Folding society into infrastructure,
and voting for our pleasures...

 

"Never again will a single story be told as though it's the only one."

--John Berger quoted in the legend of
The God of Small Things, by Arundhati Roy
 

Video of the keynote

This essay is about the process of "decentralizing intent" and the effect it has on the predictability of our systems; it is about the changing face of what we can know (in order to make predictions or extrapolate experiences) as we scale systems. It is (yet another) essay about scaling and the boundaries we mentally draw around parts we want to separate. Finally, it is a sequel to my keynote on Microservices.... It is about sharing and mixing, about autonomy and separation of concerns. Mainly, it's about our inability to reason at scale. There are three main parts and a section at the end:

  1. Foreword
  2. Scaling causality by information
  3. Implications of scaling: From microservices to macroeconomics
  4. Endnote: The economics of relative things

1. Foreword

We shape our lives around small concerns, but (thanks to the Internet) the scale of our involvement in the world is ever growing. Take a look at the following list of trends:
 

big data → microservices,
macroeconomics → microcurrencies,
abstraction → specialization,
employees → contractors,
shared platform → standalone.
 

Dichotomies of scale, like these, fly back and forth. For the time being, it seems that we are scaling in one direction, from the large to the small, from the collective to the singular, from centralized to decentralized. We are pursuing a separation of concerns. This is, of course, neither anything new, nor is it entirely true. It is something of a mirage, but one that conceals a few lessons. Never before has such a multiplicity of different scales interacted and intruded into the basic mechanisms of society and its technical infrastructure.

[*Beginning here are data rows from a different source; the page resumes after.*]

lemma bij_sigma:
  fixes g :: "'a::finite list \<Rightarrow> 'a list"
  assumes "g \<in> tAut" "v \<in> tverts"
  shows "bij (sigma g v)"
  using inj_sigma[OF assms] finite_UNIV_inj_surj[of "sigma g v"] by (simp add: bij_def)

lemma sigma_id [simp]: "sigma id v = id"
  by (auto simp: sigma_def)

lemma sigma_comp:
  assumes "g \<in> tAut" "k \<in> tAut" "v \<in> tverts"
  shows "sigma (g \<circ> k) v = sigma g (k v) \<circ> sigma k v"
  using tAut_tnb[OF assms(2,3)] tAut_tnb[OF assms(1) tAut_in_tverts[OF assms(2,3)]]
  by (auto simp: sigma_def)

lemma sigma_inv:
  fixes g :: "'a::finite list \<Rightarrow> 'a list"
  assumes g: "g \<in> tAut" and v: "v \<in> tverts"
  shows "sigma (inv g) v = inv (sigma g (inv g v))"
proof -
  have inv_v: "inv g v \<in> tverts"
    using tAut_inv[OF g] v by (rule tAut_in_tverts)
  let ?p = "sigma g (inv g v)"
  have "?p \<circ> sigma (inv g) v = id"
    using sigma_comp[OF g tAut_inv[OF g] v] g by simp
  then have "(inv ?p \<circ> ?p) \<circ> sigma (inv g) v = inv ?p"
    by (simp add: comp_assoc)
  then show ?thesis
    using bij_sigma[OF g inv_v] by (simp add: bij_is_inj)
qed

lemma sigma_comp_fixing_star:
  assumes "k v = v" "\<And>a. k (tnb v a) = tnb v a"
  shows "sigma (g \<circ> k) v = sigma g v"
  using assms by (simp add: sigma_def)

lemma tAut_fixing_root_snoc:
  assumes g: "g \<in> tAut" and root: "g [] = []"
  shows "w @ [a] \<in> tverts \<Longrightarrow> g (w @ [a]) = g w @ [sigma g w a]"
proof (induction w arbitrary: a rule: rev_induct)
  case Nil
  show ?case
    using tAut_tnb[OF g tverts_Nil, of a] root by (simp add: tnb_def)
next
  case (snoc b u)
  let ?w = "u @ [b]"
  have w: "?w \<in> tverts" and ab: "b \<noteq> a"
    using tverts_snoc[of ?w a] snoc.prems by auto
  have IH: "g ?w = g u @ [sigma g u b]"
    using snoc.IH w by blast
  have "g u = tnb (g ?w) (sigma g ?w b)"
    using tAut_tnb[OF g w, of b] by (simp add: tnb_def)
  then have "sigma g ?w b = sigma g u b"
    \<comment> \<open>otherwise \<open>g u\<close> would be a child of \<open>g ?w\<close>, hence longer than it\<close>
    using IH by (auto simp: tnb_def split: if_splits)
  moreover have "sigma g ?w a \<noteq> sigma g ?w b"
    using inj_sigma[OF g w] ab by (simp add: inj_eq)
  ultimately show ?case
    using tAut_tnb[OF g w, of a] tnb_snoc[OF snoc.prems] IH by (simp add: tnb_def)
qed

lemma tAut_fixing_root_length:
  assumes "g \<in> tAut" "g [] = []"
  shows "w \<in> tverts \<Longrightarrow> length (g w) = length w"
  by (induction w rule: rev_induct) (simp_all add: assms tAut_fixing_root_snoc tverts_snoc)

section \<open>The groups \<open>U(F)\<close>, \<open>G(F)\<close> and \<open>G(F,F')\<close>\<close>

lemma perm_group_bij: "perm_group F \<Longrightarrow> f \<in> F \<Longrightarrow> bij f"
  by (simp add: perm_group_def)

lemma perm_group_id: "perm_group F \<Longrightarrow> id \<in> F"
  by (simp add: perm_group_def)

lemma perm_group_comp: "perm_group F \<Longrightarrow> f \<in> F \<Longrightarrow> g \<in> F \<Longrightarrow> f \<circ> g \<in> F"
  by (simp add: perm_group_def)

lemma perm_group_inv: "perm_group F \<Longrightarrow> f \<in> F \<Longrightarrow> inv f \<in> F"
  by (simp add: perm_group_def)

lemma U_tAut: "g \<in> U F \<Longrightarrow> g \<in> tAut"
  by (simp add: U_def)

lemma U_sigma: "g \<in> U F \<Longrightarrow> v \<in> tverts \<Longrightarrow> sigma g v \<in> F"
  by (simp add: U_def)

lemma G2_tAut: "g \<in> G2 F F' \<Longrightarrow> g \<in> tAut"
  by (simp add: G2_def G_def)

lemma U_mono: "F \<subseteq> F' \<Longrightarrow> U F \<subseteq> U F'"
  by (auto simp: U_def)

lemma G_mono: "F \<subseteq> F' \<Longrightarrow> G F \<subseteq> G F'"
  unfolding G_def by (auto elim!: rev_finite_subset)

lemma U_Int: "U F \<inter> U F' = U (F \<inter> F')"
  by (auto simp: U_def)

lemma U_subset_G: "U F \<subseteq> G F"
proof
  fix g assume g: "g \<in> U F"
  then have "{v \<in> tverts. sigma g v \<notin> F} = {}"
    by (auto simp: U_def)
  then have "finite {v \<in> tverts. sigma g v \<notin> F}"
    by (metis finite.emptyI)
  then show "g \<in> G F"
    using U_tAut[OF g] by (simp add: G_def)
qed

lemma id_in_U: "perm_group F \<Longrightarrow> id \<in> U F"
  by (simp add: U_def id_in_tAut perm_group_id)

lemma U_comp:
  assumes F: "perm_group F" and g: "g \<in> U F" and k: "k \<in> U F"
  shows "g \<circ> k \<in> U F"
  using U_tAut[OF g] U_tAut[OF k] U_sigma[OF g] U_sigma[OF k]
  by (simp add: U_def tAut_comp sigma_comp tAut_in_tverts perm_group_comp[OF F])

In this essay, I want to examine implications and consequences of this. What does our preoccupation with the separation of concerns mean for our ability to make predictions, and how must we alter our expectations about the things we know and control?

I build on a few simple points, which I believe have deep and far-reaching implications, then attempt to apply the points to cases such as monitoring and planning infrastructure, business, and the economy at large. To begin with, let's pose some simple questions of the kind we need to ask in planning:

  • Would we expect to be able to predict how much Alice drinks each week by watching the level of water in the office water cooler?
  • Could a breakfast-cereal company infer the demand for cornflakes by monitoring the shopping lists of a hundred selected customers?
  • If Alice counts the number of plastic cups she uses herself, can she predict total water usage for the office?
  • Can we predict the fluctuations in temperature of Bob's refrigerator based on the local weather forecast?
  • Can we tell if our software application is using more CPU than it should by monitoring the process list?
  • Do we know our real speed from the speedometer in the car?
  • Can we tell just by looking if we are going up or down a mountain in a thick fog with two-metre visibility? What about 100-metre visibility? Or 1,000 metres?

If we are tempted to try to think of a smart way to divine the answers to these questions, using some algorithm or fancy argument, we would be in (what mathematician John von Neumann referred to as) a state of sin. I chose these questions deliberately because they cannot be answered, as they involve crucially incomplete information. On the surface, they seem like common everyday issues. It seems that we could fill in the missing pieces with a couple of assumptions and take an educated guess. After all, drinking cups of water causes the level of the water cooler to change; intent to buy cornflakes causes purchases, and so on. But what is deliberately misleading is that we cannot know what effect or response will be observed from the causes, because we don't have all the information. There is mixed causality. The intent to cause an effect does not necessarily effect the intent fully, or it might be caused by a competing cause.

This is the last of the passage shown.